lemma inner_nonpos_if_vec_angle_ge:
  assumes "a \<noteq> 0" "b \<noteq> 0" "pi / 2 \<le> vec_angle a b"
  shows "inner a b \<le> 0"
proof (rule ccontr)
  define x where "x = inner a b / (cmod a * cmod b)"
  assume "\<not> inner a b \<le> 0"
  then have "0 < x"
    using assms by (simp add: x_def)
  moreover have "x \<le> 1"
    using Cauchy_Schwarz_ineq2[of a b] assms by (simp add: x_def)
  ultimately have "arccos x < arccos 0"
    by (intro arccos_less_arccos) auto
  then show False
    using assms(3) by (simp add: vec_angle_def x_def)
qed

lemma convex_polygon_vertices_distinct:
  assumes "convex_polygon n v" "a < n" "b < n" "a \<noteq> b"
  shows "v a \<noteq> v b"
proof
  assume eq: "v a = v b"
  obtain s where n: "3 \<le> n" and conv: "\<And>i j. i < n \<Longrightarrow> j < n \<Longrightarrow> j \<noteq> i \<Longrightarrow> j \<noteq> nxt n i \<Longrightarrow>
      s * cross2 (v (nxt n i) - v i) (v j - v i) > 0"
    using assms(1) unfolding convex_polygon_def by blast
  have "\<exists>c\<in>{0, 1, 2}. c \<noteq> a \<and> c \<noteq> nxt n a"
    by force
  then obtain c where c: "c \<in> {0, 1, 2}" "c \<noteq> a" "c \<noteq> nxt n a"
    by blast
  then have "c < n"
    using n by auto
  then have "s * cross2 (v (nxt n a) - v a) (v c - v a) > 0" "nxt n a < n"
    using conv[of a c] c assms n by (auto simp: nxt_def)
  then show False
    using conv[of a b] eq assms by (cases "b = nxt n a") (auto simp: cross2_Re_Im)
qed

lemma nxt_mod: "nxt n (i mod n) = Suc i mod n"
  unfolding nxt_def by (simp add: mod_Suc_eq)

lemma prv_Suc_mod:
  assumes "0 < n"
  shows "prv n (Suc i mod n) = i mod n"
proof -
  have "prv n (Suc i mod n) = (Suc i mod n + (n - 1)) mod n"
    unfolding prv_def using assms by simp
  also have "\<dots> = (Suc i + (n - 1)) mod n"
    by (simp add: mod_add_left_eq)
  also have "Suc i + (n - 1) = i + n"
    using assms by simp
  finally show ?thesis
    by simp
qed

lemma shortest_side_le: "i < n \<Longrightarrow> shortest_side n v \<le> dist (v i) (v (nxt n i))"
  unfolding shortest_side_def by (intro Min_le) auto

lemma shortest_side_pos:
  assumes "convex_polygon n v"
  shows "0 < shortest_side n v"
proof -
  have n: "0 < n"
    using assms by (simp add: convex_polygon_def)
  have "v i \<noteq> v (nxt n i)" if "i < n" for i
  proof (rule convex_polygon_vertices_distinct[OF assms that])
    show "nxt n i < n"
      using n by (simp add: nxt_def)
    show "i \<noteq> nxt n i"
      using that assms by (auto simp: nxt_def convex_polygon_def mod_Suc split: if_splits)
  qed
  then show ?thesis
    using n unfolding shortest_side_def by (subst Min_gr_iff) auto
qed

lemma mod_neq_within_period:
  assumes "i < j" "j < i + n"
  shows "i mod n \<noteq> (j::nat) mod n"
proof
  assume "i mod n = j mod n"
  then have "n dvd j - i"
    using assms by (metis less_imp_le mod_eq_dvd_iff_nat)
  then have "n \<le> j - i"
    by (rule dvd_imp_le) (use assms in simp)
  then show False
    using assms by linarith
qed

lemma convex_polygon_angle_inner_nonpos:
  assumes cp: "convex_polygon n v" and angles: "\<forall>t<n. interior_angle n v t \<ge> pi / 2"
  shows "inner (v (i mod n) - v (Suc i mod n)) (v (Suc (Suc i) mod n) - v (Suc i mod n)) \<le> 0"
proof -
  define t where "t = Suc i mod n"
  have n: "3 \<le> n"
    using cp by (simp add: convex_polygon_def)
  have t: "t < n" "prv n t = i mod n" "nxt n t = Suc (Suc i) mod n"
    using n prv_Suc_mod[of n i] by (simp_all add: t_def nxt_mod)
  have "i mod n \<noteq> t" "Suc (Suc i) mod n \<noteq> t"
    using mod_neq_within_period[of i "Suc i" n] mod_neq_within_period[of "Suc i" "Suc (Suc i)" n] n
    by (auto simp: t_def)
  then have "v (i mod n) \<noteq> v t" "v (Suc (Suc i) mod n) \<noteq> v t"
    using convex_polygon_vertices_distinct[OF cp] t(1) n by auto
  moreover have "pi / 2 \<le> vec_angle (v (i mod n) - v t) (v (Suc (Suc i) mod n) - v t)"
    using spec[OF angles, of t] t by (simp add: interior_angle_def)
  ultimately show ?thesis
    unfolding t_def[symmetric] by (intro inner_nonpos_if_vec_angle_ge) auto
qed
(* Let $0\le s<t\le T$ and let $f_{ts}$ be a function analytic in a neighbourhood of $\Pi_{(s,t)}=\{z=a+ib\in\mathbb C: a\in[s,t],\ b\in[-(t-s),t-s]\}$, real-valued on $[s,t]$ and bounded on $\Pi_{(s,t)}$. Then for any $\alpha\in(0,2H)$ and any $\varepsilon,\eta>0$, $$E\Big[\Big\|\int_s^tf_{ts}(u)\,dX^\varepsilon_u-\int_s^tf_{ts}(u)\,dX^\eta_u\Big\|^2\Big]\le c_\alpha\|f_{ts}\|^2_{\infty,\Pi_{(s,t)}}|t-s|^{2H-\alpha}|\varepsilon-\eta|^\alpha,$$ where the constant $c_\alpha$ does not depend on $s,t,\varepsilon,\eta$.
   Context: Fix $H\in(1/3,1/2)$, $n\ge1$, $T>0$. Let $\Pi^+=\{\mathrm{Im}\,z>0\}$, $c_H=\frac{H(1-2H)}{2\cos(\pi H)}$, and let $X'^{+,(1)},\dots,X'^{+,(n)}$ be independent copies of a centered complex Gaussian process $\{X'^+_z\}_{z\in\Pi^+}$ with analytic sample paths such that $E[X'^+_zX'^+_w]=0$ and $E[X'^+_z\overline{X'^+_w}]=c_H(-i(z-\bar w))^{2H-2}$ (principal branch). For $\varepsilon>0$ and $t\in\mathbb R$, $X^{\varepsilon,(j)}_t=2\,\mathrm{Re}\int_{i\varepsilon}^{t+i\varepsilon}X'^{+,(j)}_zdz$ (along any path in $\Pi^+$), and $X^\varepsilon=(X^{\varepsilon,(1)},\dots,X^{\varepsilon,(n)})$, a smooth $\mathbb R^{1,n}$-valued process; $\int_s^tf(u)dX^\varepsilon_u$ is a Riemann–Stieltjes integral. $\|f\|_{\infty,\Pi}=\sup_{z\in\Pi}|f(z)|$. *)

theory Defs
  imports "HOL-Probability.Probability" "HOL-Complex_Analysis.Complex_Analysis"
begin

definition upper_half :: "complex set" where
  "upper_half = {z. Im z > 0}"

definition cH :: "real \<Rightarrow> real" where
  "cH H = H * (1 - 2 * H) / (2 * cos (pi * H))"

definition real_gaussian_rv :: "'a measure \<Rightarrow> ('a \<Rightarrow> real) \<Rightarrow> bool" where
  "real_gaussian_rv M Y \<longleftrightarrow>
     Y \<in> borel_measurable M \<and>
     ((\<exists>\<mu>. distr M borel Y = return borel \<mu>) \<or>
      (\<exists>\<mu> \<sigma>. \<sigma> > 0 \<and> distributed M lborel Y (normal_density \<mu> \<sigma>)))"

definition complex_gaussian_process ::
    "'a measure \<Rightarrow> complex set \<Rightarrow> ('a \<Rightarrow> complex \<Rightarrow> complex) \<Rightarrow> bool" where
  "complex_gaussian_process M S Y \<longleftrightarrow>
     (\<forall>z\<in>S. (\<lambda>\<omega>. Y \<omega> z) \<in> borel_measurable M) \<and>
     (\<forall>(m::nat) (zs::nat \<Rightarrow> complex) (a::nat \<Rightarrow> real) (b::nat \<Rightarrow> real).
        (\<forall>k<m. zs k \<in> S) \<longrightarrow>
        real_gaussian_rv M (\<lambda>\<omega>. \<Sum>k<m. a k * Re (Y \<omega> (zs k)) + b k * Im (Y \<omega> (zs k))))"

Task directions :: Transcribe, word for word, the data above from its first line through the line with "using Cauchy_Schwarz_ineq2[of a", and include nothing else.

Task result ::
lemma inner_nonpos_if_vec_angle_ge:
  assumes "a \<noteq> 0" "b \<noteq> 0" "pi / 2 \<le> vec_angle a b"
  shows "inner a b \<le> 0"
proof (rule ccontr)
  define x where "x = inner a b / (cmod a * cmod b)"
  assume "\<not> inner a b \<le> 0"
  then have "0 < x"
    using assms by (simp add: x_def)
  moreover have "x \<le> 1"
    using Cauchy_Schwarz_ineq2[of a b] assms by (simp add: x_def)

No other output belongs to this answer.